[Collected data]
lemma card_S: "int (card S) = t * (s + 1)"
proof -
  have "(a + 1) * t^2 - 1 = a * t^2 + (t - 1) * (t + 1)" by (simp add: algebra_simps power2_eq_square)
  then show ?thesis unfolding S_def Y_def using card_step_interval[of "t + 1"] t_pos s_nonneg
    by (simp add: card_cartesian_product)
qed


lemma t_le_t_squared: "t \<le> t^2"
  using t_pos by (simp add: power2_eq_square)

lemma two_t_squared_le: "2 * t^2 \<le> a * t^2"
  using a_ge_2 by (simp add: mult_right_mono)

lemma two_le_a_t: "2 \<le> a * t"
  using mult_mono[of 2 a 1 t] a_ge_2 t_pos by simp

lemma zero_in_Y: "0 \<in> Y"
  unfolding Y_def using s_nonneg by simp

lemma progression_T_subset: "(\<lambda>k. (k * t, 0)) ` {0 .. a * t - 1} \<subseteq> A"
  unfolding A_def T_eq by auto

lemma progression_S_subset:
  "y \<in> Y \<Longrightarrow> (\<lambda>j. (a * t^2 + j * (t + 1), y)) ` {0 .. t - 1} \<subseteq> A"
  unfolding A_def S_eq by auto

lemma interval_I1_subset: "y \<in> Y \<Longrightarrow> (\<lambda>r. (r, y)) ` {0 .. t} \<subseteq> A"
  unfolding A_def I1_def by auto

lemma interval_I2_subset: "y \<in> Y \<Longrightarrow> (\<lambda>r. (2 * a * t^2 + r, y)) ` {0 .. t} \<subseteq> A"
  unfolding A_def I2_def by auto

lemma interval_I3_subset: "y \<in> Y \<Longrightarrow> (\<lambda>r. ((3 * a + 1) * t^2 + r, y)) ` {0 .. t} \<subseteq> A"
  unfolding A_def I3_def by auto

lemma row_subset_sumset:
  assumes "y \<in> Y"
  shows "{0 .. (4 * a + 2) * t^2 - 1} \<times> {y} \<subseteq> sumset A"
proof -
  define P where "P = a * t^2"
  have at: "(a * t - 1) * t = P - t" "(a * t) * t = P"
    by (auto simp: P_def algebra_simps power2_eq_square)
  have tt: "(t - 1) * (t + 1) = t^2 - 1" "(t - 1) * t = t^2 - t"
    by (simp_all add: algebra_simps power2_eq_square)
  have shifts: "2 * a * t^2 = 2 * P" "(3 * a + 1) * t^2 = 3 * P + t^2"
    "(4 * a + 2) * t^2 = 4 * P + 2 * t^2"
    by (simp_all add: P_def algebra_simps)
  note T_prog = progression_T_subset
    and S_prog = progression_S_subset[OF zero_in_Y, folded P_def]
    and I1_row = interval_I1_subset[OF assms]
    and I2_row = interval_I2_subset[OF assms, unfolded shifts]
    and I3_row = interval_I3_subset[OF assms, unfolded shifts]
  note T_plus = sumset_progression_plus_interval
    [where m = t and d = t and N = "a * t" and c = 0 and y = 0 and A = A and y' = y]
  note S_plus = sumset_progression_plus_interval
    [where m = "t + 1" and d = t and N = t and c = P and y = 0 and A = A and y' = y]
  have "{0 .. P} \<times> {y} \<subseteq> sumset A"
    using T_plus[where c' = 0] T_prog I1_row t_pos two_le_a_t at by simp
  moreover have "{P .. P + t^2 + t - 1} \<times> {y} \<subseteq> sumset A"
    using S_plus[where c' = 0] S_prog I1_row t_pos tt by (simp add: algebra_simps)
  moreover have "{P + t^2 - t .. 2 * P - 1} \<times> {y} \<subseteq> sumset A"
    using sumset_two_progressions
        [OF t_pos, where c = 0 and y = 0 and N = "a * t" and c' = P and A = A and y' = y]
      T_prog progression_S_subset[OF assms, folded P_def] at tt
    by (simp add: algebra_simps)
  moreover have "{2 * P .. 3 * P} \<times> {y} \<subseteq> sumset A"
    using T_plus[where c' = "2 * P"] T_prog I2_row t_pos two_le_a_t at by simp
  moreover have "{3 * P .. 3 * P + t^2 + t - 1} \<times> {y} \<subseteq> sumset A"
    using S_plus[where c' = "2 * P"] S_prog I2_row t_pos tt by (simp add: algebra_simps)
  moreover have "{3 * P + t^2 .. 4 * P + t^2} \<times> {y} \<subseteq> sumset A"
    using T_plus[where c' = "3 * P + t^2"] T_prog I3_row t_pos two_le_a_t at
    by (simp add: algebra_simps)
  moreover have "{4 * P + t^2 .. 4 * P + 2 * t^2 + t - 1} \<times> {y} \<subseteq> sumset A"
    using S_plus[where c' = "3 * P + t^2"] S_prog I3_row t_pos tt by (simp add: algebra_simps)
  moreover have "{0 .. 4 * P + 2 * t^2 - 1} \<subseteq> {0 .. P} \<union> {P .. P + t^2 + t - 1} \<union>
      {P + t^2 - t .. 2 * P - 1} \<union> {2 * P .. 3 * P} \<union> {3 * P .. 3 * P + t^2 + t - 1} \<union>
      {3 * P + t^2 .. 4 * P + t^2} \<union> {4 * P + t^2 .. 4 * P + 2 * t^2 + t - 1}"
    using t_pos by auto
  ultimately show ?thesis unfolding shifts by blast
qed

» **EXERCISE AIM**
Establish how many lines of the records contain the string "auto" and state that number without elaboration.

» **WRITTEN ANSWER**
7